Squam Lake is a lake located in the Lakes Region of central New Hampshire, United States, south of the White Mountains, straddling the borders of Grafton, Carroll, and Belknap counties. The largest town center on the lake is Holderness. The lake is located northwest of much larger Lake Winnipesaukee.

It drains via a short natural channel into Little Squam Lake, and then through a dam at the head of the short Squam River into the Pemigewasset at Ashland. Covering , Squam is the second-largest lake located entirely in New Hampshire.

Squam Lake was originally called Keeseenunknipee, which meant "the goose lake in the highlands". The white settlers that followed shortened the name to "Casumpa", "Kusumpy" and/or "Kesumpe" around 1779. In the early 19th century, the lake was given another Abenaki name, Asquam, which means "water". Finally, in the early 20th century, Asquam was shortened to its present version, Squam.

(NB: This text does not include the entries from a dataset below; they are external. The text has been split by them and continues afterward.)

lemma bull_if_two_consecutive_neighbours:
  assumes "K \<ge> 7" and v: "v \<in> V" "v \<notin> set cs"
    and "\<not> E v (c i)" "E v (c (i+1))" "E v (c (i+2))" "\<not> E v (c (i+3))"
  shows "contains_induced V E bull_V bull_E"
proof -
  define f where "f x = (if x = 2 then v else if x = 0 then c (i+1) else if x = 1 then c (i+2)
     else if x = 3 then c i else c (i+3))" for x :: nat
  have vertices: "bull_V = {0,1,2,3,4}" unfolding bull_V_def by auto
  have v_ne: "v \<noteq> c x" "c x \<noteq> v" for x using not_in_hole_ne_c[OF v(2)] by auto
  have c_shift_eq: "\<bar>a - b\<bar> < K \<Longrightarrow> c (i + a) = c (i + b) \<longleftrightarrow> a = b" for a b
    using c_inj by fastforce
  have c_base_eq:
    "\<bar>b\<bar> < K \<Longrightarrow> c i = c (i + b) \<longleftrightarrow> b = 0" "\<bar>b\<bar> < K \<Longrightarrow> c (i + b) = c i \<longleftrightarrow> b = 0" for b using c_shift_eq[of 0 b] c_shift_eq[of b 0] by auto
  have "inj_on f bull_V"
    unfolding vertices inj_on_def using \<open>K \<ge> 7\<close> by (simp add: f_def v_ne c_shift_eq c_base_eq)
  moreover have "f ` bull_V \<subseteq> V" using v c_in_V unfolding f_def by auto
  moreover have "\<forall>x\<in>bull_V. \<forall>y\<in>bull_V. bull_E x y \<longleftrightarrow> E (f x) (f y)"
    unfolding vertices using assms E_sym[of _ v]
    by (simp add: f_def bull_E_def sym_edges_def c_adj E_irrefl)
  ultimately show ?thesis unfolding contains_induced_def by blast
qed

lemma C5_if_length_5:
  assumes "length cs = 5"
  shows "contains_induced V E C5_V C5_E"
proof -
  have vertices: "C5_V = {0,1,2,3,4}" unfolding C5_V_def by auto
  have "inj_on (\<lambda>x. cs ! x) C5_V"
    unfolding C5_V_def inj_on_def using distinct_cs assms by (simp add: nth_eq_iff_index_eq)
  moreover have "(\<lambda>x. cs ! x) ` C5_V \<subseteq> V" using hole assms unfolding is_hole_def C5_V_def by auto
  moreover have "\<forall>x<5. \<forall>y<5. E (cs ! x) (cs ! y) \<longleftrightarrow> (y = Suc x mod 5 \<or> x = Suc y mod 5)"
    using hole assms unfolding is_hole_def by simp
  moreover have "\<forall>x\<in>C5_V. \<forall>y\<in>C5_V. C5_E x y \<longleftrightarrow> (y = Suc x mod 5 \<or> x = Suc y mod 5)"
    unfolding vertices by (simp add: C5_E_def sym_edges_def)
  ultimately show ?thesis unfolding contains_induced_def C5_V_def by auto
qed

lemma hole_through_gap:
  assumes v: "v \<in> V" "v \<notin> set cs"
    and ends: "E v (c q)" "E v (c n)" and gap: "\<forall>j. q < j \<and> j < n \<longrightarrow> \<not> E v (c j)"
    and "q + 2 \<le> n" "n + 2 \<le> q + K"
  shows "is_hole V E (v # map (\<lambda>j. c (q + int j)) [0..<nat (n - q) + 1])"
proof -
  define m where "m = nat (n - q)"
  define ds where "ds = v # map (\<lambda>j. c (q + int j)) [0..<m + 1]"
  have m: "int m = n - q" "2 \<le> m" "int m + 2 \<le> K" using assms(6,7) unfolding m_def by auto
  have v_ne: "v \<noteq> c x" for x using not_in_hole_ne_c[OF v(2)] by auto
  have path_inj: "inj_on (\<lambda>j. c (q + int j)) {0..<m + 1}"
  proof (rule inj_onI)
    fix a b assume "a \<in> {0..<m + 1}" "b \<in> {0..<m + 1}" "c (q + int a) = c (q + int b)"
    with m have "q + int a = q + int b" by (intro c_inj) auto
    thus "a = b" by simp
  qed
  have nth_0: "ds ! 0 = v" unfolding ds_def by simp
  have nth_Suc: "a < m + 1 \<Longrightarrow> ds ! Suc a = c (q + int a)" for a
    unfolding ds_def by (simp del: upt_Suc)
  have v_adj: "b < m + 1 \<Longrightarrow> E v (c (q + int b)) \<longleftrightarrow> b = 0 \<or> b = m" for b
    using ends gap m(1) by (cases "b = 0 \<or> b = m") auto
  have path_adj: "a < m + 1 \<Longrightarrow> b < m + 1 \<Longrightarrow>
      E (c (q + int a)) (c (q + int b)) \<longleftrightarrow> b = a + 1 \<or> a = b + 1" for a b using m by (subst c_adj) auto
  have adj: "E (ds ! a) (ds ! b) \<longleftrightarrow> b = Suc a mod (m + 2) \<or> a = Suc b mod (m + 2)"
    if "a < m + 2" "b < m + 2" for a b
    using that
    by (cases a; cases b) (auto simp: nth_0 nth_Suc v_adj path_adj E_irrefl E_sym[of _ v] mod_Suc)
  have "distinct ds"
    using path_inj v_ne unfolding ds_def by (auto simp: distinct_map simp del: upt_Suc)
  moreover have "set ds \<subseteq> V" using v c_in_V unfolding ds_def by auto
  moreover have "length ds = m + 2" unfolding ds_def by simp
  ultimately have "is_hole V E ds" unfolding is_hole_def using adj m(2) by auto
  thus ?thesis unfolding ds_def m_def .
qed

lemma neighbours_within_two_edge_path:
  assumes shortest: "shortest_odd_hole V E cs"
    and no_C5: "\<not> contains_induced V E C5_V C5_E"
    and no_bull: "\<not> contains_induced V E bull_V bull_E"
    and no_anchor: "\<forall>ac. \<not> contains_induced V E anchor_V (anchor_E ac)"
    and v: "v \<in> V" "v \<notin> set cs"
  shows "\<exists>i < length cs. {u \<in> set cs. E v u} \<subseteq>
           {cs ! i, cs ! (Suc i mod length cs), cs ! (Suc (Suc i) mod length cs)}"
proof -
  have "odd K" using shortest unfolding shortest_odd_hole_def is_odd_hole_def K_def by simp
  moreover have "K \<noteq> 5" using C5_if_length_5 no_C5 unfolding K_def by auto
  ultimately have "K \<ge> 7" using K_ge_4 by presburger
  define t where "t x = E v (c x)" for x
  have "\<exists>i. \<forall>j. t j \<longrightarrow> j mod K \<in> {i mod K, (i+1) mod K, (i+2) mod K}"
  proof (rule cyclic_pattern_in_window)
    show "t x = t (x mod K)" for x unfolding t_def c_mod ..
    show "odd K" "0 < K" using \<open>odd K\<close> K_ge_4 by auto
    show "\<not> (t i \<and> t (i+1) \<and> t (i+2) \<and> t (i+3))" for i
      unfolding t_def using anchor_if_four_consecutive_neighbours[OF \<open>K \<ge> 7\<close> v] no_anchor by blast
    show "\<not> (\<not> t i \<and> t (i+1) \<and> t (i+2) \<and> \<not> t (i+3))" for i
      unfolding t_def using bull_if_two_consecutive_neighbours[OF \<open>K \<ge> 7\<close> v] no_bull by blast
    show "even (n - q)"
      if "t q" "t n" "q + 3 \<le> n" "n + 3 \<le> q + K" "\<forall>j. q < j \<and> j < n \<longrightarrow> \<not> t j" for q n
    proof (rule ccontr)
      assume "odd (n - q)"
      let ?ds = "v # map (\<lambda>j. c (q + int j)) [0..<nat (n - q) + 1]"
      have "is_hole V E ?ds" using hole_through_gap[OF v] that unfolding t_def by simp
      moreover have "odd (length ?ds)" using \<open>odd (n - q)\<close> \<open>q + 3 \<le> n\<close> by (simp add: even_nat_iff)
      ultimately have "length cs \<le> length ?ds"
        using shortest unfolding shortest_odd_hole_def is_odd_hole_def by blast
      with \<open>n + 3 \<le> q + K\<close> \<open>q + 3 \<le> n\<close> show False unfolding K_def by simp
    qed
  qed
  then obtain i where window: "\<forall>j. t j \<longrightarrow> j mod K \<in> {i mod K, (i+1) mod K, (i+2) mod K}" ..
  have "{u \<in> set cs. E v u} \<subseteq> {c i, c (i + 1), c (i + 2)}"
  proof
    fix u assume "u \<in> {u \<in> set cs. E v u}"
    then obtain m where "m < length cs" "u = c (int m)" "t (int m)"
      unfolding t_def by (auto simp: in_set_conv_nth c_of_nat)
    with window have "int m mod K \<in> {i mod K, (i+1) mod K, (i+2) mod K}" by blast
    thus "u \<in> {c i, c (i + 1), c (i + 2)}" unfolding \<open>u = c (int m)\<close> by (auto simp: c_eq_iff)
  qed
  moreover have "{c i, c (i + 1), c (i + 2)} = {cs ! nat (i mod K),
      cs ! (Suc (nat (i mod K)) mod length cs), cs ! (Suc (Suc (nat (i mod K))) mod length cs)}"
    using c_add_of_nat[of i 0] c_add_of_nat[of i 1] c_add_of_nat[of i 2] nat_mod_K_less by simp
  ultimately show ?thesis using nat_mod_K_less by auto
qed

Squam Lake is much less commercialized than its neighbor Lake Winnipesaukee, which has waterfront attractions in Meredith, Weirs Beach, and other locations. Unlike the numerous businesses dotting the shores of Winnipesaukee, only a few are present on Squam, and none of them are located on Squam itself (there is an ice cream shop, a general store/marketplace, a restaurant, two marinas, and multiple gas stations on Little Squam). The Squam Lakes Association maintains only four boat-launching sites on the entire lake in order to keep it as quiet and private as possible.

The 1981 film On Golden Pond was filmed in the town of Center Harbor on Squam Lake. There are two tour boat services on the lake, both based in Holderness. One is Experience Squam, a private charter, and the other is the Squam Lakes Natural Science Center. Both services show filming locations and items of natural significance.

Squam Lake is a nesting site for common loons and is a good place to see them in breeding plumage during the summer months. Bald eagles and great blue herons are also known to nest on the lake.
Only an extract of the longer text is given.